Difference between native and hive modes in Informatica big data edition BDE :

a) Native mode- In native mode BDE works like a normal power center. This can be used to read /wrtie to traditional RDBMS databases. It can also be used to write to HDFS and Hive. It works like a power center because the execution of the mapping logic happens on the power center server. i.e. that source data is read to informatica server , transformations applied and then data is loaded to the target.

This mode is stateful i.e you can keep track of data from previous records, use sequence generators, sorters , etc just like in normal power center.

b) Hive mode- In Hive mode , like in native you can have similar source and targets however the whole mapping logic is pushed down to hive i.e. the hadoop cluster. The Informatica BDE in this mode coverts the mapping logic into hive SQL queries and executes it directly on the hadoop cluster as Hive queries there by converting them all into map reduce jobs.

This mode is not stateful i.e., you cannot keep track of dataa in the previous records using stateful variables. Your transformations like sorters, sequence generators wont work fully or properly.

Your update strategy transformation will not work in hive mode just because hive does not allow updates. You can only insert records to Hive database.

In this mode the data gets read from source to temporary hive tables , transformed , and the target also gets loaded to temp hive tables before being inserted to final target which can be RDBMS database like oracle or Hive database. Hence the limition of hive also follows on to Hive mode in Informatica BDE.

However. if your volume of data is huge and you want to push all the processing to hive then Hive mode is a better option. There are workarounds to do type 2 kind of updates in Hive mode.

Thursday 6 August 2015

What is Informatica big data edition (BDE) ?

What is Informatica big data edition BDE ?

Informatica big data edition BDE is a product from Informatica Corp that can be used like an ETL tool for working in hadoop enviroment along with traditional RDBMS tools. Now there are lot of ETL products in the market that makes it easier to integrate with hadoop. To name a few talend, pentaho, etc. Informatica is one of the leading ETL tool vendor and Informatica power center tool is very famous as an ETL tool and has been for many years. Traditionally this tool was used to extract transform and load data to traditional databases such as oracle, sql server, netezza to name a few. With advent of hadoop for storing peta byte volumes of data, building ETL tools that can work with hadoop became more important. It requires a lot of handcoding and knowledge to work directly with hadoop and build map reduce jobs. Hadoop tools such as hive made it easier to write SQL queries on top of Hive database and convert it to map reduce jobs. Hence, lot of companies started using Hive as a data warehouse tool and storing data in hadoop just like traditional databases and writing queries on Hive. How do we now extract , transform, and load the data in Hadoop? Thats where Informatica BDE comes into picture. It is a tool that you can use for ETL or ELT on hadoop infrastructure. Informatica BDE can run in two modes. They are native mode and hive mode.

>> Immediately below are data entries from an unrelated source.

lemma card_monic_irreducibles_le:
  "d * card (monic_irreducibles d :: 'a::{finite,field} poly set) \<le> CARD('a) ^ d"
proof (cases "d = 0")
  case False
  define F :: "'a poly" where "F = monom 1 (CARD('a) ^ d) - monom 1 1"
  have "CARD('a) ^ d > 1"
    using False two_le_card_field[where 'a='a] by (intro one_less_power) auto
  then have "degree F = CARD('a) ^ d"
    unfolding F_def diff_conv_add_uminus by (subst degree_add_eq_left) (simp_all add: degree_monom_eq)
  then have "monic F"
    using \<open>CARD('a) ^ d > 1\<close> by (simp add: F_def)
  then obtain fs where F: "F = prod_mset fs" and fs: "set_mset fs \<subseteq> {q. irreducible q \<and> monic q}"
    using exactly_one_monic_factorization by blast
  have "monic_irreducibles d \<subseteq> set_mset fs"
  proof
    fix P :: "'a poly" assume "P \<in> monic_irreducibles d"
    then have P: "monic P" "irreducible P" "degree P = d"
      by (auto simp: monic_irreducibles_def)
    then have "P dvd F"
      using dvd_power_card_power_minus_self[of P "monom 1 1"] by (simp add: F_def monom_power)
    then obtain Q where "Q \<in># fs" "P dvd Q"
      using irreducible_dvd_prod_mset[OF P(2)] F by blast
    then show "P \<in> set_mset fs"
      using P fs monic_irreducible_dvd_eq[of P Q] by auto
  qed
  have "d * card (monic_irreducibles d :: 'a poly set) = (\<Sum>P\<in>monic_irreducibles d. degree (P :: 'a poly))"
    by (simp add: monic_irreducibles_def)
  also have "\<dots> \<le> (\<Sum>P\<in>set_mset fs. degree P)"
    using \<open>monic_irreducibles d \<subseteq> set_mset fs\<close> by (intro sum_mono2) auto
  also have "\<dots> \<le> (\<Sum>P\<in>#fs. degree P)"
    by (rule sum_set_mset_le_sum_mset)
  also have "\<dots> = CARD('a) ^ d"
  proof -
    have "0 \<notin># fs"
      using fs by auto
    then show ?thesis
      using F \<open>degree F = CARD('a) ^ d\<close> by (simp add: degree_prod_mset)
  qed
  finally show ?thesis .
qed simp

section \<open>Euler products over multisets\<close>

lemma sum_power_le_inverse_one_minus:
  fixes y :: real
  assumes "0 \<le> y" "y < 1"
  shows "(\<Sum>k\<in>K. y ^ k) \<le> 1 / (1 - y)"
proof (cases "finite K")
  case True
  have "summable (\<lambda>k. y ^ k)"
    using assms by (simp add: summable_geometric)
  then have "(\<Sum>k\<in>K. y ^ k) \<le> (\<Sum>k. y ^ k)"
    using assms True by (intro sum_le_suminf) auto
  also have "\<dots> = 1 / (1 - y)"
    using assms by (simp add: suminf_geometric)
  finally show ?thesis .
qed (use assms in simp)

lemma prod_mset_nonneg:
  "(\<And>a. a \<in># M \<Longrightarrow> 0 \<le> y a) \<Longrightarrow> 0 \<le> (\<Prod>a\<in>#M. y a :: 'b::linordered_semidom)"
  by (induction M) auto

lemma prod_mset_split_count:
  "(\<Prod>b\<in>#M. y b) = y a ^ count M a * (\<Prod>b\<in>#filter_mset (\<lambda>b. b \<noteq> a) M. y b)"
proof -
  have "(\<Prod>b\<in>#M. y b) = (\<Prod>b\<in>#replicate_mset (count M a) a + filter_mset (\<lambda>b. b \<noteq> a) M. y b)"
    by (metis filter_eq_replicate_mset multiset_partition)
  then show ?thesis
    by simp
qed

lemma prod_mset_power_sum: "(\<Prod>a\<in>#M. x ^ f a) = x ^ (\<Sum>a\<in>#M. f a)"
  by (induction M) (simp_all add: power_add)

lemma sum_prod_mset_le_split_count:
  fixes y :: "'a \<Rightarrow> real"
  assumes "finite Ms" "0 \<le> y a" "\<forall>M\<in>Ms. \<forall>b\<in>#M. 0 \<le> y b"
  shows "(\<Sum>M\<in>Ms. \<Prod>b\<in>#M. y b)
           \<le> (\<Sum>k\<le>Max ((\<lambda>M. count M a) ` Ms). y a ^ k) * (\<Sum>M\<in>(\<lambda>M. filter_mset (\<lambda>b. b \<noteq> a) M) ` Ms. \<Prod>b\<in>#M. y b)"
proof -
  let ?rest = "\<lambda>M. filter_mset (\<lambda>b. b \<noteq> a) M"
  let ?split = "\<lambda>M. (count M a, ?rest M)"
  let ?h = "\<lambda>(k, M). y a ^ k * (\<Prod>b\<in>#M. y b)"
  define K where "K = Max ((\<lambda>M. count M a) ` Ms)"
  have inj: "inj_on ?split Ms"
    by (rule inj_onI) (metis Pair_inject filter_eq_replicate_mset multiset_partition)
  have sub: "?split ` Ms \<subseteq> {..K} \<times> ?rest ` Ms"
    using assms by (auto simp: K_def)
  have "0 \<le> ?h p" if p: "p \<in> {..K} \<times> ?rest ` Ms" for p
  proof -
    obtain k M where "p = (k, ?rest M)" and "M \<in> Ms"
      using p by blast
    then show ?thesis
      using assms by (auto intro!: mult_nonneg_nonneg prod_mset_nonneg)
  qed
  then have "(\<Sum>p\<in>?split ` Ms. ?h p) \<le> (\<Sum>p\<in>{..K} \<times> ?rest ` Ms. ?h p)"
    using sub \<open>finite Ms\<close> by (intro sum_mono2) auto
  moreover have "(\<Sum>M\<in>Ms. \<Prod>b\<in>#M. y b) = (\<Sum>p\<in>?split ` Ms. ?h p)"
    by (simp add: sum.reindex[OF inj] prod_mset_split_count[of y _ a, symmetric])
  ultimately show ?thesis
    by (simp add: K_def sum_product sum.cartesian_product)
qed

lemma sum_prod_mset_le_euler_product:
  fixes y :: "'a \<Rightarrow> real"
  assumes "finite A" and "\<forall>a\<in>A. 0 \<le> y a \<and> y a < 1"
    and "finite Ms" and "\<forall>M\<in>Ms. set_mset M \<subseteq> A"
  shows "(\<Sum>M\<in>Ms. \<Prod>a\<in>#M. y a) \<le> (\<Prod>a\<in>A. 1 / (1 - y a))"
  using assms
proof (induction A arbitrary: Ms rule: finite_induct)
  case empty
  then have "Ms \<subseteq> {{#}}"
    by auto
  then have "(\<Sum>M\<in>Ms. \<Prod>a\<in>#M. y a) \<le> (\<Sum>M\<in>{{#}}. \<Prod>a\<in>#M. y a)"
    by (intro sum_mono2) auto
  then show ?case
    by simp
next
  case (insert a A)
  let ?rest = "\<lambda>M. filter_mset (\<lambda>b. b \<noteq> a) M"
  have "(\<Sum>M\<in>Ms. \<Prod>b\<in>#M. y b)
      \<le> (\<Sum>k\<le>Max ((\<lambda>M. count M a) ` Ms). y a ^ k) * (\<Sum>M\<in>?rest ` Ms. \<Prod>b\<in>#M. y b)"
    using insert.prems by (intro sum_prod_mset_le_split_count) auto
  also have "\<dots> \<le> 1 / (1 - y a) * (\<Prod>b\<in>A. 1 / (1 - y b))"
  proof (rule mult_mono)
    show "(\<Sum>M\<in>?rest ` Ms. \<Prod>b\<in>#M. y b) \<le> (\<Prod>b\<in>A. 1 / (1 - y b))"
      using insert.prems insert.hyps by (intro insert.IH) auto
  qed (use insert.prems sum_power_le_inverse_one_minus in \<open>fastforce intro!: sum_nonneg prod_mset_nonneg\<close>)+
  finally show ?case
    using insert.hyps by simp
qed

section \<open>Rankin's bound for Carmichael polynomials\<close>

definition proper_divisors :: "nat \<Rightarrow> nat set" where
  "proper_divisors n = {d. d dvd n \<and> d < n}"

lemma finite_proper_divisors: "finite (proper_divisors n)"
  by (simp add: proper_divisors_def)

lemma proper_divisor_pos: "d \<in> proper_divisors n \<Longrightarrow> 0 < d"
  by (auto simp: proper_divisors_def intro: Nat.gr0I)

lemma proper_divisor_le_half: "d \<in> proper_divisors n \<Longrightarrow> 2 * d \<le> n"
proof -
  assume "d \<in> proper_divisors n"
  then obtain k where "n = d * k" "d < n"
    by (auto simp: proper_divisors_def)
  then have "2 \<le> k"
    by (cases "k = 0 \<or> k = 1") auto
  then show "2 * d \<le> n"
    using \<open>n = d * k\<close> by simp
qed

lemma carmichael_poly_factors_proper_degree:
  fixes f :: "'a::{finite,field} poly"
  assumes "monic f" "carmichael_poly f" "f = prod_mset fs" "set_mset fs \<subseteq> {q. irreducible q \<and> monic q}"
  shows "set_mset fs \<subseteq> (\<Union>d\<in>proper_divisors (degree f). monic_irreducibles d)"
proof
  fix P assume "P \<in># fs"
  then have "irreducible P" "monic P" "P dvd f"
    using assms(3,4) by (auto simp: dvd_prod_mset)
  then show "P \<in> (\<Union>d\<in>proper_divisors (degree f). monic_irreducibles d)"
    using carmichael_poly_irreducible_factor[of f P] assms(1,2)
    by (auto simp: proper_divisors_def monic_irreducibles_def)
qed

lemma carmichael_count_mult_power_le:
  fixes x :: real
  assumes "0 \<le> x" "x < 1"
  shows "real (carmichael_count TYPE('a::{finite,field}) n) * x ^ n
           \<le> (\<Prod>P\<in>(\<Union>d\<in>proper_divisors n. monic_irreducibles d). 1 / (1 - x ^ degree (P :: 'a poly)))"
proof -
  define A :: "'a poly set" where "A = (\<Union>d\<in>proper_divisors n. monic_irreducibles d)"
  define S :: "'a poly set" where "S = {f. lead_coeff f = 1 \<and> degree f = n \<and> carmichael_poly f}"
  define Ms where "Ms = {M. set_mset M \<subseteq> A \<and> prod_mset M \<in> S}"
  have A: "A \<subseteq> {P. irreducible P \<and> monic P}"
    by (auto simp: A_def monic_irreducibles_def)
  have "finite A"
    by (simp add: A_def finite_proper_divisors finite_monic_irreducibles)
  have "inj_on prod_mset Ms"
    using A by (intro inj_onI) (auto simp: Ms_def intro: monic_factorization_unique_mset)
  moreover have "prod_mset ` Ms = S"
  proof (intro equalityI subsetI)
    fix f assume "f \<in> S"
    then have f: "monic f" "degree f = n" "carmichael_poly f"
      by (auto simp: S_def)
    obtain fs where fs: "f = prod_mset fs" "set_mset fs \<subseteq> {q. irreducible q \<and> monic q}"
      using exactly_one_monic_factorization[OF \<open>monic f\<close>] by blast
    then have "set_mset fs \<subseteq> A"
      using carmichael_poly_factors_proper_degree[OF f(1,3) fs] f(2) by (simp add: A_def)
    then show "f \<in> prod_mset ` Ms"
      using \<open>f \<in> S\<close> fs by (auto simp: Ms_def)
  qed (auto simp: Ms_def)
  moreover have "finite S"
    by (rule finite_subset[OF _ finite_poly_degree_le[of n]]) (auto simp: S_def)
  ultimately have "finite Ms" "card Ms = card S"
    using finite_imageD card_image by fastforce+
  have "(\<Prod>P\<in>#M. x ^ degree P) = x ^ n" if "M \<in> Ms" for M
  proof -
    have "0 \<notin># M" "degree (prod_mset M) = n"
      using that A by (auto simp: Ms_def S_def)
    then show ?thesis
      by (simp add: prod_mset_power_sum degree_prod_mset)
  qed
  then have "real (carmichael_count TYPE('a) n) * x ^ n = (\<Sum>M\<in>Ms. \<Prod>P\<in>#M. x ^ degree P)"
    using \<open>card Ms = card S\<close> by (simp add: carmichael_count_def S_def)
  also have "\<dots> \<le> (\<Prod>P\<in>A. 1 / (1 - x ^ degree P))"
    using \<open>finite A\<close> \<open>finite Ms\<close> assms A irreducible_degree_field
    by (intro sum_prod_mset_le_euler_product) (auto simp: Ms_def power_le_one power_less_one_iff)
  finally show ?thesis
    by (simp add: A_def)
qed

In the native mode, it runs as a normal powercenter but in hive mode you can push down the whole mapping logic to hive and make it run on the hadoop cluster there by using the parallelism provided by hadoop. However there are some limitation when running in hive mode but that is more because of the limitations from hive itself. For example, hive does not allow updates in older versions.

With Informatica BDE you can do the following at a very high level :

a) Just like any ETL tool you can do extract , transform, load between tranditional rdbms or hive/hdfs source and targets.
b) Push the whole ETL logic to hadoop cluster and make use of the map reduce framework. Basically it makes building hadoop jobs easier.
c) Makes it easy to create connection to all the different sources and integrate data from those sources.
d) It makes it easier to ingest complex files such as JSON, XML, Cobol, AVRO, Parquest , etc.

Informatica BDE uses the Informatica developer interface to build the mappings , deploy and create applications. Anyone who has used IDQ before might be familiar with the Informatica developer interface. Informatica BDE can be found in Informatica 9.6 versions onwards.